(Data for the task Opens)

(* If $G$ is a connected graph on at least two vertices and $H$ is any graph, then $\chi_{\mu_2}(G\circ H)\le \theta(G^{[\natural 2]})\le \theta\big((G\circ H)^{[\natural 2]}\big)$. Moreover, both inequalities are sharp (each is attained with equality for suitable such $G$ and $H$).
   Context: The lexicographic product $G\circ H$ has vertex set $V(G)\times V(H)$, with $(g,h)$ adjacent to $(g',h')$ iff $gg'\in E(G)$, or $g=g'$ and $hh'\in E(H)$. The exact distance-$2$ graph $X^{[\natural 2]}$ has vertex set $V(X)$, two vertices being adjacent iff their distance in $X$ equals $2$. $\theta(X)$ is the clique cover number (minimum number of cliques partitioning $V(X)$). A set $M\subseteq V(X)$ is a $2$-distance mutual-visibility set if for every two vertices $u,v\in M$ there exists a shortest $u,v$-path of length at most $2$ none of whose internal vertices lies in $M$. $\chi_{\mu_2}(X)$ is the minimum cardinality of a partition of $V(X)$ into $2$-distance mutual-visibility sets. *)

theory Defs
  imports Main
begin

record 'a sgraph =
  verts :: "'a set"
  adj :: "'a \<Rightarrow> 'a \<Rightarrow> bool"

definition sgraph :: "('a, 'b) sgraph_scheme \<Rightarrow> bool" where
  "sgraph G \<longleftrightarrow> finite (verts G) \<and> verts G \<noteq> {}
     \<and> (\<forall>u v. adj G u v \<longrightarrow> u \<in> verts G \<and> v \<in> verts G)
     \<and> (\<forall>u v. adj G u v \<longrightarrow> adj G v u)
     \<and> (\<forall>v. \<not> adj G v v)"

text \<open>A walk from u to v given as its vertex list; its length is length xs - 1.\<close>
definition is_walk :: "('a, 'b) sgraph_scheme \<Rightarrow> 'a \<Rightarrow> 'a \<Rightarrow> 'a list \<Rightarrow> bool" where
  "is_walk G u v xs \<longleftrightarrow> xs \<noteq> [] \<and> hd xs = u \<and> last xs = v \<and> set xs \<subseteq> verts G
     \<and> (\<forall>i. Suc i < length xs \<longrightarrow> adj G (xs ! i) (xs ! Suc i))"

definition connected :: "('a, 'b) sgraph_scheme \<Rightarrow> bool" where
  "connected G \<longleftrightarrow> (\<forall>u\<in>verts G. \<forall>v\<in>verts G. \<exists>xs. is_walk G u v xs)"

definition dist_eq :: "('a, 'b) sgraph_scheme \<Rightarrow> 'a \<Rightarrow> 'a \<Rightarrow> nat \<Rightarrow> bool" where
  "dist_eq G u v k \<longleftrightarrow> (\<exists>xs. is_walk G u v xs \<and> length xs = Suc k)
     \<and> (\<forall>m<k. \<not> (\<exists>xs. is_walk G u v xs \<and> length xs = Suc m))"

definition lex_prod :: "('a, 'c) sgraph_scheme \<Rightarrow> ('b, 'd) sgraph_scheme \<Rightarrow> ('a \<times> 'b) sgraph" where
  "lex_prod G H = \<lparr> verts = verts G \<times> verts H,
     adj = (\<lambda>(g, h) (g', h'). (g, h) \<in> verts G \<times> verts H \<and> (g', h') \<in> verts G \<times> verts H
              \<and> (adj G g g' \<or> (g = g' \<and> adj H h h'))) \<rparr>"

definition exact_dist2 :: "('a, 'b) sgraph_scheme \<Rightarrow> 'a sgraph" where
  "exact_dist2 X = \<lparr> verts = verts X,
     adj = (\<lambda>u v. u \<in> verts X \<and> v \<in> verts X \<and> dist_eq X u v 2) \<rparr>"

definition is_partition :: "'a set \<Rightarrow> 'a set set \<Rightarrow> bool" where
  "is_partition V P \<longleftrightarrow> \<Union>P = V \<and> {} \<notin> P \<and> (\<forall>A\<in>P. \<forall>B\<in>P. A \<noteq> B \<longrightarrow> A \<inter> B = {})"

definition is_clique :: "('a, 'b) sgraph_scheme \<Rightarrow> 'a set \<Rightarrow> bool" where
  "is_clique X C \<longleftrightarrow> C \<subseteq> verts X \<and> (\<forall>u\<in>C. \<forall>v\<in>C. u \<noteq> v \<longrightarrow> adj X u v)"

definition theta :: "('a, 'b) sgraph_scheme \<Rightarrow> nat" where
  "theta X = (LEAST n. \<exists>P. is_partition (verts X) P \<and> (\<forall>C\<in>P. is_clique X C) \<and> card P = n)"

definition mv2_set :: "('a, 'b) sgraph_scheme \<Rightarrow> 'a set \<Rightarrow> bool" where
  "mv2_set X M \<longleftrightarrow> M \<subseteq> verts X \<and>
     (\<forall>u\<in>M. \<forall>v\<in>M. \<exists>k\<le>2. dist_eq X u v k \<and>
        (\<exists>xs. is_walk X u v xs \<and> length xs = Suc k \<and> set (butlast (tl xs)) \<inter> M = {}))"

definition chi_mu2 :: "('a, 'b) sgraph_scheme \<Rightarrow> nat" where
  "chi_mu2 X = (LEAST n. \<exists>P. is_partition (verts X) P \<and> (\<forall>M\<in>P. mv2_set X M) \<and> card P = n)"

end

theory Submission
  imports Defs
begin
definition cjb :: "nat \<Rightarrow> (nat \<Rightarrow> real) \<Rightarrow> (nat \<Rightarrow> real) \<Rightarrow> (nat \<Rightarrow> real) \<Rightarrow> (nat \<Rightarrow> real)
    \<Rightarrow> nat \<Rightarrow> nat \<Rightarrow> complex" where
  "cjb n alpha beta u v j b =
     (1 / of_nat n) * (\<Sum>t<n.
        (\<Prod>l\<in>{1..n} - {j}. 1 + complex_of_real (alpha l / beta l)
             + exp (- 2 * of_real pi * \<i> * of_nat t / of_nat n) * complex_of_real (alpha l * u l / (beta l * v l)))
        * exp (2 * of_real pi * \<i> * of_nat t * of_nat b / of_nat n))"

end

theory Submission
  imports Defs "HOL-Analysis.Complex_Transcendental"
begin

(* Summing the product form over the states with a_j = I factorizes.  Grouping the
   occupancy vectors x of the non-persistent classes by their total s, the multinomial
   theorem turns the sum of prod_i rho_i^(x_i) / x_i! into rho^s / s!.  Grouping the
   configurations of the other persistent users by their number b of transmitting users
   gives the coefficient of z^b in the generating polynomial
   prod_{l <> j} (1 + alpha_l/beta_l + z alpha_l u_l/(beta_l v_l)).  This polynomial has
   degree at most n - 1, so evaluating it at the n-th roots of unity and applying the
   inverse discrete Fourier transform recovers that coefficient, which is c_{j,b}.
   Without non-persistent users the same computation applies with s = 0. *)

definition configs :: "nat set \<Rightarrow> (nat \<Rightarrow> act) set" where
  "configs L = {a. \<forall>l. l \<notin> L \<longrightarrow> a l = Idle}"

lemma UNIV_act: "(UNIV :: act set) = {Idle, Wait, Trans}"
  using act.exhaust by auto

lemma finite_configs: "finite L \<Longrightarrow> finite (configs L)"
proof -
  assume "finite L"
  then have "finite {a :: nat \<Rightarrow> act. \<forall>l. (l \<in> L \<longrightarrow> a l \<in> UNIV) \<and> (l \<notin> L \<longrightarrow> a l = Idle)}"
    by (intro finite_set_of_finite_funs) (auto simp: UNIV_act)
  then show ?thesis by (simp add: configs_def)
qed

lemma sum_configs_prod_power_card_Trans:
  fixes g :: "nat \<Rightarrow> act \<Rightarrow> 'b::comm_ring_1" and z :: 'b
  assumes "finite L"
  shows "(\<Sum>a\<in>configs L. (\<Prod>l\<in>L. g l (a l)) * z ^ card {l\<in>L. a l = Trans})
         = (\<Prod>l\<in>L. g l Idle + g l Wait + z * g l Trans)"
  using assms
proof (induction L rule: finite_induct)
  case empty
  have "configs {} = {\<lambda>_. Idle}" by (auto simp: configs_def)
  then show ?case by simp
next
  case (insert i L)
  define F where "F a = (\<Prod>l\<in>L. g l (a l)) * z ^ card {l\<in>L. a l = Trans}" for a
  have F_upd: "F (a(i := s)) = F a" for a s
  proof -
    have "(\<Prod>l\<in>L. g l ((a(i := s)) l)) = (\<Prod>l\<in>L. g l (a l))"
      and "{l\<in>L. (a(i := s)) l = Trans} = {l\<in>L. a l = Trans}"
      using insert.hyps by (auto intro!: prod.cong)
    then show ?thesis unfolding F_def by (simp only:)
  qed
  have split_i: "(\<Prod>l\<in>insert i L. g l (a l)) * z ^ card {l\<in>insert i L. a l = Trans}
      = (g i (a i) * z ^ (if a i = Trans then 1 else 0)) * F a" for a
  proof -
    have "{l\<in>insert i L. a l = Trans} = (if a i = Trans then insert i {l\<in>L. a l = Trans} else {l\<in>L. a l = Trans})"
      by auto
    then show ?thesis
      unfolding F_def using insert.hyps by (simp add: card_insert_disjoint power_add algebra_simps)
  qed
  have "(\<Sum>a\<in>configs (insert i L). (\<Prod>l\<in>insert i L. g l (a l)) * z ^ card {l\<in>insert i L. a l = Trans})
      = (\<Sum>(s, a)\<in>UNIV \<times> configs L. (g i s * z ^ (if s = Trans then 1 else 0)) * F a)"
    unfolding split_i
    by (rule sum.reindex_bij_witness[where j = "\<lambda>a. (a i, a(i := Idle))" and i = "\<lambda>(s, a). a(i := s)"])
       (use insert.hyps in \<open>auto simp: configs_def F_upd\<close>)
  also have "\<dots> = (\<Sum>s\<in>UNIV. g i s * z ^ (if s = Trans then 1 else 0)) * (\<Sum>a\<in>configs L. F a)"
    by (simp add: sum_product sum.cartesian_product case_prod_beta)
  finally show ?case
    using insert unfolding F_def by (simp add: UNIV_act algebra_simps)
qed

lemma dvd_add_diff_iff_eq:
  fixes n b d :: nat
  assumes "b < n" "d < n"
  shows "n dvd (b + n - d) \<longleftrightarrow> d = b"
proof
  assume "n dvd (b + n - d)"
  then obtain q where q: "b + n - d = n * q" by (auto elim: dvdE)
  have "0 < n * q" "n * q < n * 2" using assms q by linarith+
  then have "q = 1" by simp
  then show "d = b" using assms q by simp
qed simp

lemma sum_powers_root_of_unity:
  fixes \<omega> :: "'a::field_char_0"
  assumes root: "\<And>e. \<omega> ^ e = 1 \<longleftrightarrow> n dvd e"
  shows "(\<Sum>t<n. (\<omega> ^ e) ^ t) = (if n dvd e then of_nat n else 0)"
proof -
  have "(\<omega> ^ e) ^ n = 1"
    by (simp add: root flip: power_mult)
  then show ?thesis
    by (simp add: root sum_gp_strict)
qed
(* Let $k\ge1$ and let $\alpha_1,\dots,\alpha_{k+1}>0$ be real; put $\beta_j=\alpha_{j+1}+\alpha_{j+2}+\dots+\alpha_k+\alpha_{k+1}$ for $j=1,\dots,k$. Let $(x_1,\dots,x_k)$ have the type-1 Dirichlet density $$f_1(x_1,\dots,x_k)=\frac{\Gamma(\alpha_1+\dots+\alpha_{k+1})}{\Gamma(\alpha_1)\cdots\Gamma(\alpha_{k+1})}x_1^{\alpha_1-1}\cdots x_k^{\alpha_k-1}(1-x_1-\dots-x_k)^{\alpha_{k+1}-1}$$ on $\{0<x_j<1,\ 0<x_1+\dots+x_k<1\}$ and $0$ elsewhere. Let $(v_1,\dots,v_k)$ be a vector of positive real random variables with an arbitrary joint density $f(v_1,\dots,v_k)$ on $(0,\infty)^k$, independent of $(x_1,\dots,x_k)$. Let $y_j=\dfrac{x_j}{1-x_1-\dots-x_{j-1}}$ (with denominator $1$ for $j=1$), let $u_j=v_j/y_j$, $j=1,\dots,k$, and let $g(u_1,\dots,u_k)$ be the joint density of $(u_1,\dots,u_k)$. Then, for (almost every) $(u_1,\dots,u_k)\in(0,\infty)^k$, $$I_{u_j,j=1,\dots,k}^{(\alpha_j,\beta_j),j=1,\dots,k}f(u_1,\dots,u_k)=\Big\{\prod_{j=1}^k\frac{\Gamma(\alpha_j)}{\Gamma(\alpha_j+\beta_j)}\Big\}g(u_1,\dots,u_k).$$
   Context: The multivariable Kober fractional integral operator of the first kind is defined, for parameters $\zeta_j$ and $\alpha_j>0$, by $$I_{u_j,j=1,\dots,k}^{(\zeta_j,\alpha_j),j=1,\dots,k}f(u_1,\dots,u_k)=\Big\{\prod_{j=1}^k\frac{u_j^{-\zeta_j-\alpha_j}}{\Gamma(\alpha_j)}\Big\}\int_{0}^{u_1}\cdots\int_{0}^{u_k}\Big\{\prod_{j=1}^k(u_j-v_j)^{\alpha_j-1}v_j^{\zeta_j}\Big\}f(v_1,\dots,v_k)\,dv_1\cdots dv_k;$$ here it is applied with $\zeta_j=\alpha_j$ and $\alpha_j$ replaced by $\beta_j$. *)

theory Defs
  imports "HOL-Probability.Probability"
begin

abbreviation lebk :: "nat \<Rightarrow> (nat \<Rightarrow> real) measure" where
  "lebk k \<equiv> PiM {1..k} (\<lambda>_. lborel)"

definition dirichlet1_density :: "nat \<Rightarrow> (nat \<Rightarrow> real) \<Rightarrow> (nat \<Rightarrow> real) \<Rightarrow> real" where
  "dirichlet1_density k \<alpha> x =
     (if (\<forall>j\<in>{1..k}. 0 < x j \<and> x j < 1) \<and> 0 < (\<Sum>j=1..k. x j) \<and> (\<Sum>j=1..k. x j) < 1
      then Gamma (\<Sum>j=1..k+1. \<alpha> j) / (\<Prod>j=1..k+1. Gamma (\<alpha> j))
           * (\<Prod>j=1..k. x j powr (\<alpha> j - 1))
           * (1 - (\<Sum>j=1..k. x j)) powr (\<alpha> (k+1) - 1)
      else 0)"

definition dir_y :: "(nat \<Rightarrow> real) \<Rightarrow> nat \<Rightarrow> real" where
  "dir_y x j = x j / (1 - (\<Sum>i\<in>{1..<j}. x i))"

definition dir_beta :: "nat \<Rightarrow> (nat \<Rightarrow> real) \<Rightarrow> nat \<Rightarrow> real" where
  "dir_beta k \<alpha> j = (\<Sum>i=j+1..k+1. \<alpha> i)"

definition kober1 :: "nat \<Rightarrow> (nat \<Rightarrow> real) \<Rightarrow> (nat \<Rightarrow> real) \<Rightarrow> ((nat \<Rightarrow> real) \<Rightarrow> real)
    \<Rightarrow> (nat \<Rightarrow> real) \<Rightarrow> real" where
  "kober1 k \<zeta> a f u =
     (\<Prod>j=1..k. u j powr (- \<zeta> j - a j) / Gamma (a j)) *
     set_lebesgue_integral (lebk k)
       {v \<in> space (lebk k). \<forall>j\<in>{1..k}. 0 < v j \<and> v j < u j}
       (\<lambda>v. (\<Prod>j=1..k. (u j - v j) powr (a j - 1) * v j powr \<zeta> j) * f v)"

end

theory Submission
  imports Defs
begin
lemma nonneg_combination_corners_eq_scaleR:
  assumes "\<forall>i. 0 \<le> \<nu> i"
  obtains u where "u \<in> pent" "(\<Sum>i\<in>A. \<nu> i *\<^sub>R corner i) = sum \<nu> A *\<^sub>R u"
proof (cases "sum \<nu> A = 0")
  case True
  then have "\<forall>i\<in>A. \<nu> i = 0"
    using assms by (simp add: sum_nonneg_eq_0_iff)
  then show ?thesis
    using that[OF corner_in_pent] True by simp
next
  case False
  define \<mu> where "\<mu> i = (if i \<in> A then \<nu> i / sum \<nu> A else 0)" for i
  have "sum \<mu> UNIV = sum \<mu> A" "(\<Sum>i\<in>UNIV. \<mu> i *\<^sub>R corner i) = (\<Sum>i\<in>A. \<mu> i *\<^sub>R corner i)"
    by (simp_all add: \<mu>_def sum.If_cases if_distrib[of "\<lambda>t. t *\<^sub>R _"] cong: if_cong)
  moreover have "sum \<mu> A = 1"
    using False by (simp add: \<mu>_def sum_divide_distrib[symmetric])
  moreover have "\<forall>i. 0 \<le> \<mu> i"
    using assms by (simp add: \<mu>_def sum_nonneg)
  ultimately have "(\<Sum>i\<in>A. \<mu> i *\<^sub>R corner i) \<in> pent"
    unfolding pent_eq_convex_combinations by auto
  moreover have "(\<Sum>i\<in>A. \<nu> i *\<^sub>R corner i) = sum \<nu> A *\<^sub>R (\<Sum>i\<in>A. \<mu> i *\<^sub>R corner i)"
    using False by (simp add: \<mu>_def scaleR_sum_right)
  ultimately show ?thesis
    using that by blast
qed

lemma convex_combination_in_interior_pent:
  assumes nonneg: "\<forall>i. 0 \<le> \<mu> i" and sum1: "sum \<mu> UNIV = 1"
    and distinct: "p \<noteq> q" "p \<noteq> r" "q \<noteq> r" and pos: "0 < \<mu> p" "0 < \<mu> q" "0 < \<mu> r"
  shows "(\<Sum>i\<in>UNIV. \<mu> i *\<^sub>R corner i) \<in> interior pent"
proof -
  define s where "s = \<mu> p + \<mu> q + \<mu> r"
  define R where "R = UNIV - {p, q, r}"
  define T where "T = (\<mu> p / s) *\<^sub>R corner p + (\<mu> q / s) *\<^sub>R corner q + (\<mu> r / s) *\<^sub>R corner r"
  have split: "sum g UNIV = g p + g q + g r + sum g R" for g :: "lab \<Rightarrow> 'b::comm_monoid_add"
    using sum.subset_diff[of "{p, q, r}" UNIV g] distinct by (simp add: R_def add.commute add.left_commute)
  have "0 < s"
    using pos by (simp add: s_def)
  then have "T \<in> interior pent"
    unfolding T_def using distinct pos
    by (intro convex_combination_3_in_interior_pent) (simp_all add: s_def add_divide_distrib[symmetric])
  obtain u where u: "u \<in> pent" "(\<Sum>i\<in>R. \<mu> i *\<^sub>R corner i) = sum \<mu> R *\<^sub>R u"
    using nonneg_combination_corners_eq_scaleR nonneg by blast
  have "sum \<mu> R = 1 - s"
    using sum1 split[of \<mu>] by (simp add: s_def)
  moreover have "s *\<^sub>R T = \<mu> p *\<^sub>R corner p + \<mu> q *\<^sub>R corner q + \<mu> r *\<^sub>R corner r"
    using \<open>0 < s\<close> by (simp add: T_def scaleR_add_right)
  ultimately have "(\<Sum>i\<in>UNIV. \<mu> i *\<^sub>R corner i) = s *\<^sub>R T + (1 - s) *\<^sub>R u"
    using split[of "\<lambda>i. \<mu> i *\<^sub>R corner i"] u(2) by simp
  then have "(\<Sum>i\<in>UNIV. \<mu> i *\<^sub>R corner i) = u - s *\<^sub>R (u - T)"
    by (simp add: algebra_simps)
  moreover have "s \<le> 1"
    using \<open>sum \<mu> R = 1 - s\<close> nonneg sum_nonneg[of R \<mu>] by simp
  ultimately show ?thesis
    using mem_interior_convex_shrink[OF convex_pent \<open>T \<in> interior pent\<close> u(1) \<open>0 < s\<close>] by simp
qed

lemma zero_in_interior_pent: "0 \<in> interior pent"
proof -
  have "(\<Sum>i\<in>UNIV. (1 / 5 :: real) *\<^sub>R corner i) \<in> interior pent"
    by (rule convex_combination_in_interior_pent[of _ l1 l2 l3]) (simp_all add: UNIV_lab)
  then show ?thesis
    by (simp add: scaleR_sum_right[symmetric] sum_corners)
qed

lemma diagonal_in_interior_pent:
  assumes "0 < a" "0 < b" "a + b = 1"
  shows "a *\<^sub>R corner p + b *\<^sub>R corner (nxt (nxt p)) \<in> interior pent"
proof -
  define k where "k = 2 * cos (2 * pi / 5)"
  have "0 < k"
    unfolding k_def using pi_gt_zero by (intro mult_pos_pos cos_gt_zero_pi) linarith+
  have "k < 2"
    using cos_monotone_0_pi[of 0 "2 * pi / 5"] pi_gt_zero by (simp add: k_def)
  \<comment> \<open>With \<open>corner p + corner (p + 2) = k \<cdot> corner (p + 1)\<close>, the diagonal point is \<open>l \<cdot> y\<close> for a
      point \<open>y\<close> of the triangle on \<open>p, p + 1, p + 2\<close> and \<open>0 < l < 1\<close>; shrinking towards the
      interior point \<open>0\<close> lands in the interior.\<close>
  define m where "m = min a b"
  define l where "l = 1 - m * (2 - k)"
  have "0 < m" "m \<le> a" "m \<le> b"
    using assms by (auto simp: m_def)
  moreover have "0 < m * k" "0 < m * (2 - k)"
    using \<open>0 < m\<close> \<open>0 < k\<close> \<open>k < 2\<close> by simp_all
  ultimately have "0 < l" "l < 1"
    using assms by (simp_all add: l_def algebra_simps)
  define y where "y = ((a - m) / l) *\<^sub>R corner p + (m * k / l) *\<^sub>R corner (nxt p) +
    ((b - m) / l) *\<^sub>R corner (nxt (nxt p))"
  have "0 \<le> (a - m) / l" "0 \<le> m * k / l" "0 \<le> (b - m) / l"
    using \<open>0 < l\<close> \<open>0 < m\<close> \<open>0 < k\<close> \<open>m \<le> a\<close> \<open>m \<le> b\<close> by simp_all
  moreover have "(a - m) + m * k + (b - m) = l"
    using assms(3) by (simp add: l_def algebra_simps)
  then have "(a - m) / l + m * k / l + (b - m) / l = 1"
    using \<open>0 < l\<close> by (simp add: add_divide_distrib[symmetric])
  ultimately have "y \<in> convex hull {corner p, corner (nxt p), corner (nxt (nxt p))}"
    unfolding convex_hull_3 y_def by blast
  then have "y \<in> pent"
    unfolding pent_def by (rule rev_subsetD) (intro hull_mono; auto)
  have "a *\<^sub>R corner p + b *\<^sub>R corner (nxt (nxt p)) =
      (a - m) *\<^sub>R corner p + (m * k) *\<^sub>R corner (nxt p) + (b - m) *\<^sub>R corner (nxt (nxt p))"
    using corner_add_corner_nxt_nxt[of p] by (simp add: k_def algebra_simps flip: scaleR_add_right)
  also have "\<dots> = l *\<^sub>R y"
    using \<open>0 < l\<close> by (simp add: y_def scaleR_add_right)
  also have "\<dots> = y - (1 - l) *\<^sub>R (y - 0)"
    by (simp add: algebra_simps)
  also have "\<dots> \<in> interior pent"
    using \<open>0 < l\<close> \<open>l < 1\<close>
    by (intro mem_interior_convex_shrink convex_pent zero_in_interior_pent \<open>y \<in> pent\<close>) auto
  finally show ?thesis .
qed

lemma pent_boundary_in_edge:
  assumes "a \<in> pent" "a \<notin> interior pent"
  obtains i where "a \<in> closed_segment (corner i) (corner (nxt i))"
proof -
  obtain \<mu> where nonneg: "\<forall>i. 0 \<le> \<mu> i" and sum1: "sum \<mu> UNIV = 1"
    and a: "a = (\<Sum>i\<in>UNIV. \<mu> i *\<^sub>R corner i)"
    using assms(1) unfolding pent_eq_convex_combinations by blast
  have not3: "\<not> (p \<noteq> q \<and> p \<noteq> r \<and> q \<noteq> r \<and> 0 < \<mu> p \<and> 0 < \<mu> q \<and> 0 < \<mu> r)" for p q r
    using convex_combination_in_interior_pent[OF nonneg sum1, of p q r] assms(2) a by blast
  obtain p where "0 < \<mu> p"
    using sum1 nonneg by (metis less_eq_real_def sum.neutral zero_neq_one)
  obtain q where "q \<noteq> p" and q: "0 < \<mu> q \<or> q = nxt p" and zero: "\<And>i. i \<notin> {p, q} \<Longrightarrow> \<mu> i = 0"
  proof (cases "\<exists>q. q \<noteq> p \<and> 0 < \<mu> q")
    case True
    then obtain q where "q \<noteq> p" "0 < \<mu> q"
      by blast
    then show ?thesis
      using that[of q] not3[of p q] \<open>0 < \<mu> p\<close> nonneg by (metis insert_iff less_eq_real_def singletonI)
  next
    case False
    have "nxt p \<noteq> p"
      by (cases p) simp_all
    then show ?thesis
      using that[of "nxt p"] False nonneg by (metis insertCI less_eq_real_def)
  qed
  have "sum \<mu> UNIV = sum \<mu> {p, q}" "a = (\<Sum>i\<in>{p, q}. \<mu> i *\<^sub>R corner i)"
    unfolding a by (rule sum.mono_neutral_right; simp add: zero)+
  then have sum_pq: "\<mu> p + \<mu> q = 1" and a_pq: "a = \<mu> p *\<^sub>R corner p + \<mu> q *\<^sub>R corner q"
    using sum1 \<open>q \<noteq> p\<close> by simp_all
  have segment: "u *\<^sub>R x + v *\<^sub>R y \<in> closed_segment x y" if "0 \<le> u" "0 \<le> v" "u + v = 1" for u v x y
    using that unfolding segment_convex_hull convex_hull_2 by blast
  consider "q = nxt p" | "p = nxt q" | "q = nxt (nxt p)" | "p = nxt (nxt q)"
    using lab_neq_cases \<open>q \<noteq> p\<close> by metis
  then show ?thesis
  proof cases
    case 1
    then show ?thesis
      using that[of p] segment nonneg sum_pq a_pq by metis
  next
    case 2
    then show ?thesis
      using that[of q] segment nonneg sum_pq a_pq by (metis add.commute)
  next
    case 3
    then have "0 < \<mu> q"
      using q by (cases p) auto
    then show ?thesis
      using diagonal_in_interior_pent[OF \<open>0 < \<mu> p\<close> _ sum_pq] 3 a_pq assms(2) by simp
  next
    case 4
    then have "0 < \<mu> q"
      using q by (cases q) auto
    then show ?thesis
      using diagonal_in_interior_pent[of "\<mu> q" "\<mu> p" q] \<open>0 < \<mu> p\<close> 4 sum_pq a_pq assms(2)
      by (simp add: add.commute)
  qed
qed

(Data for the task Closes)

How many lines in the records contain the word "shows"? Answer with the number alone.

Solution to this problem - 5